→ **Activity**:
Provide the number of lines below that include "quantile", without any other words.

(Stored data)
lemma set_nn_integral_distr_atMost_eq_density:
  fixes Xs :: "'b \<Rightarrow> real" and f :: "real \<Rightarrow> real" and g :: "real \<Rightarrow> ennreal"
  assumes "finite_measure Ms"
    and [measurable]: "Xs \<in> borel_measurable Ms"
    and f_meas[measurable]: "f \<in> borel_measurable borel" and [measurable]: "g \<in> borel_measurable borel"
    and cdf: "\<And>x. x \<le> a \<Longrightarrow>
      emeasure Ms {\<omega>\<in>space Ms. Xs \<omega> \<le> x} = (\<integral>\<^sup>+t\<in>{..x}. ennreal (f t) \<partial>lborel)"
  shows "(\<integral>\<^sup>+x\<in>{..a}. g x \<partial>distr Ms borel Xs) = (\<integral>\<^sup>+x\<in>{..a}. g x * ennreal (f x) \<partial>lborel)"
proof -
  interpret finite_measure Ms by fact
  have distr_atMost: "emeasure (distr Ms borel Xs) {..x} = emeasure Ms {\<omega>\<in>space Ms. Xs \<omega> \<le> x}" for x
    by (subst emeasure_distr) (auto intro!: arg_cong[where f="emeasure Ms"])
  have distr_cdf: "emeasure (distr Ms borel Xs) {..x} = (\<integral>\<^sup>+t\<in>{..x}. ennreal (f t) \<partial>lborel)"
    if "x \<le> a" for x
    using cdf[OF that] by (simp add: distr_atMost)
  have "(\<integral>\<^sup>+x\<in>{..a}. g x \<partial>distr Ms borel Xs)
      = (\<integral>\<^sup>+x. g x \<partial>density (distr Ms borel Xs) (indicator {..a}))"
    by (subst nn_integral_density) (auto simp: mult.commute)
  also have "\<dots> = (\<integral>\<^sup>+x. g x \<partial>density lborel (\<lambda>t. ennreal (f t) * indicator {..a} t))"
    by (subst density_indicator_atMost_eqI[OF _ f_meas _ distr_cdf])
       (simp_all add: distr_atMost emeasure_finite)
  also have "\<dots> = (\<integral>\<^sup>+x\<in>{..a}. g x * ennreal (f x) \<partial>lborel)"
    by (subst nn_integral_density) (auto simp: mult_ac)
  finally show ?thesis .
qed

theorem propositionB7:
  fixes M :: "'a measure" and X Y Y0 :: "'a \<Rightarrow> real"
    and fX :: "real \<Rightarrow> real"
    and Fc :: "real \<Rightarrow> real \<Rightarrow> real"
    and s sstar \<phi> h :: "real \<Rightarrow> real"
    and Ms :: "'b measure" and Xs Ys :: "'b \<Rightarrow> real"
  assumes P: "prob_space M"
    and X_rv: "X \<in> borel_measurable M" and Y_rv: "Y \<in> borel_measurable M"
    and Y0_rv: "Y0 \<in> borel_measurable M"
    and X_nonneg: "\<forall>\<omega>\<in>space M. X \<omega> \<ge> 0"
    and atom_pos: "measure M {\<omega>\<in>space M. X \<omega> = 0} > 0"
    and fX_nonneg: "\<forall>x>0. fX x \<ge> 0"
    and density: "\<forall>A\<in>sets borel. A \<subseteq> {0<..} \<longrightarrow>
        emeasure M {\<omega>\<in>space M. X \<omega> \<in> A} = (\<integral>\<^sup>+ x\<in>A. ennreal (fX x) \<partial>lborel)"
    and Y0_int: "integrable M Y0"
    and Y_obs: "\<forall>\<omega>\<in>space M. X \<omega> = 0 \<longrightarrow> Y \<omega> = Y0 \<omega>"
    \<comment> \<open>conditional CDF of Y(0) given X = x, for x > 0 (a version of the conditional law)\<close>
    and Fc_cdf: "\<forall>x>0. is_cdf (Fc x)"
    and Fc_meas: "\<forall>y. (\<lambda>x. Fc x y) \<in> borel_measurable borel"
    and Fc_cond: "\<forall>A\<in>sets borel. \<forall>y. A \<subseteq> {0<..} \<longrightarrow>
        emeasure M {\<omega>\<in>space M. X \<omega> \<in> A \<and> Y0 \<omega> \<le> y}
          = (\<integral>\<^sup>+ x\<in>A. ennreal (Fc x y * fX x) \<partial>lborel)"
    \<comment> \<open>Assumption A6 (i)\<close>
    and A6_i: "\<forall>x>0. \<forall>e\<in>{0<..<1}. quantile (Fc x) e = s x + \<phi> e"
    \<comment> \<open>Assumption A6 (ii)\<close>
    and A6_ii_s: "real_analytic_on s {0<..}"
    and A6_ii_ext: "real_analytic_on sstar UNIV" and A6_ii_eq: "\<forall>x>0. sstar x = s x"
    \<comment> \<open>Assumption A6 (iii)\<close>
    and A6_iii_mono: "strict_mono_on {0<..<1} \<phi>"
    and h_cont: "continuous_on UNIV h" and h_nonneg: "\<forall>x. h x \<ge> 0"
    and h_fX: "\<forall>x>0. h x = fX x"
    and A6_iii: "\<forall>y. (\<integral>\<^sup>+ x. ennreal (genInv \<phi> (y - sstar x) * h x) \<partial>lborel)
                   = ennreal (measure M {\<omega>\<in>space M. Y0 \<omega> \<le> y})"
    \<comment> \<open>the constructed P*: law of X* and conditional law of Y*(0) given X*\<close>
    and Ps: "prob_space Ms"
    and Xs_rv: "Xs \<in> borel_measurable Ms" and Ys_rv: "Ys \<in> borel_measurable Ms"
    and Xs_cdf_neg: "\<forall>x<0. emeasure Ms {\<omega>\<in>space Ms. Xs \<omega> \<le> x}
                       = (\<integral>\<^sup>+ t\<in>{..x}. ennreal (h t) \<partial>lborel)"
    and Xs_cdf_nonneg: "\<forall>x\<ge>0. measure Ms {\<omega>\<in>space Ms. Xs \<omega> \<le> x}
                       = measure M {\<omega>\<in>space M. X \<omega> \<le> x}"
    and Ys_cond: "\<forall>A\<in>sets borel. \<forall>y.
        emeasure Ms {\<omega>\<in>space Ms. Xs \<omega> \<in> A \<and> Ys \<omega> \<le> y}
          = (\<integral>\<^sup>+ x\<in>A. ennreal (genInv \<phi> (y - sstar x)) \<partial>(distr Ms borel Xs))"
  shows "measure Ms {\<omega>\<in>space Ms. Xs \<omega> \<le> 0} = measure M {\<omega>\<in>space M. X \<omega> = 0}
    \<and> (\<forall>y. measure Ms {\<omega>\<in>space Ms. Ys \<omega> \<le> y \<and> Xs \<omega> \<le> 0} / measure Ms {\<omega>\<in>space Ms. Xs \<omega> \<le> 0}
          = measure M {\<omega>\<in>space M. Y \<omega> \<le> y \<and> X \<omega> = 0} / measure M {\<omega>\<in>space M. X \<omega> = 0})"
proof -
  interpret M: prob_space M by (rule P)
  interpret Ms: prob_space Ms by (rule Ps)
  have \<phi>: "mono_on {0<..<1} \<phi>"
    using A6_iii_mono by (rule strict_mono_on_imp_mono_on)
  note [measurable] = borel_measurable_genInv[OF \<phi>]
  have sstar_meas[measurable]: "sstar \<in> borel_measurable borel"
    and h_meas[measurable]: "h \<in> borel_measurable borel"
    using h_cont real_analytic_on_imp_isCont[OF A6_ii_ext]
    by (auto intro!: borel_measurable_continuous_onI continuous_at_imp_continuous_on)
  have "quantile (Fc x) e = sstar x + \<phi> e" if "0 < x" "e \<in> {0<..<1}" for x e
    using A6_i A6_ii_eq that by simp
  moreover have "emeasure M {\<omega>\<in>space M. X \<omega> \<in> {0<..} \<and> Y0 \<omega> \<le> y}
      = (\<integral>\<^sup>+x\<in>{0<..}. ennreal (Fc x y * fX x) \<partial>lborel)" for y
    using Fc_cond[rule_format, of "{0<..}" y] by simp
  moreover have "(\<integral>\<^sup>+x. ennreal (genInv \<phi> (y - sstar x) * h x) \<partial>lborel)
      = emeasure M {\<omega>\<in>space M. Y0 \<omega> \<le> y}" for y
    using A6_iii by (simp add: M.emeasure_eq_measure)
  moreover note genInv_mixture_nonpos_eq_atom[OF M.finite_measure_axioms X_rv Y0_rv sstar_meas h_meas]
  ultimately have atom: "(\<integral>\<^sup>+x\<in>{..0}. ennreal (genInv \<phi> (y - sstar x) * h x) \<partial>lborel)
        = emeasure M {\<omega>\<in>space M. X \<omega> = 0 \<and> Y0 \<omega> \<le> y}"
    and mass: "(\<integral>\<^sup>+x\<in>{..0}. ennreal (h x) \<partial>lborel) = emeasure M {\<omega>\<in>space M. X \<omega> = 0}" for y
    using X_nonneg Fc_cdf \<phi> h_nonneg h_fX by blast+
  have "{\<omega>\<in>space M. X \<omega> \<le> 0} = {\<omega>\<in>space M. X \<omega> = 0}"
    using X_nonneg by force
  then have Xs_atom: "measure Ms {\<omega>\<in>space Ms. Xs \<omega> \<le> 0} = measure M {\<omega>\<in>space M. X \<omega> = 0}"
    using Xs_cdf_nonneg by simp
  have Xs_cdf: "emeasure Ms {\<omega>\<in>space Ms. Xs \<omega> \<le> x} = (\<integral>\<^sup>+t\<in>{..x}. ennreal (h t) \<partial>lborel)"
    if "x \<le> 0" for x
    using that Xs_cdf_neg Xs_atom mass
    by (cases "x = 0") (auto simp: M.emeasure_eq_measure Ms.emeasure_eq_measure)
  have "emeasure Ms {\<omega>\<in>space Ms. Ys \<omega> \<le> y \<and> Xs \<omega> \<le> 0}
      = (\<integral>\<^sup>+x\<in>{..0}. ennreal (genInv \<phi> (y - sstar x)) \<partial>distr Ms borel Xs)" for y
    using Ys_cond[rule_format, of "{..0}" y] by (simp add: conj_commute)
  also have "\<dots> y = (\<integral>\<^sup>+x\<in>{..0}. ennreal (genInv \<phi> (y - sstar x) * h x) \<partial>lborel)" for y
    using set_nn_integral_distr_atMost_eq_density[OF Ms.finite_measure_axioms Xs_rv h_meas _ Xs_cdf]
      h_nonneg genInv_nonneg by (simp add: ennreal_mult)
  also have "\<dots> y = emeasure M {\<omega>\<in>space M. Y \<omega> \<le> y \<and> X \<omega> = 0}" for y
    unfolding atom using Y_obs by (auto intro!: arg_cong[where f="emeasure M"])
  finally show ?thesis
    using Xs_atom by (simp add: M.emeasure_eq_measure Ms.emeasure_eq_measure)
qed

end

→ **Expected output**:
2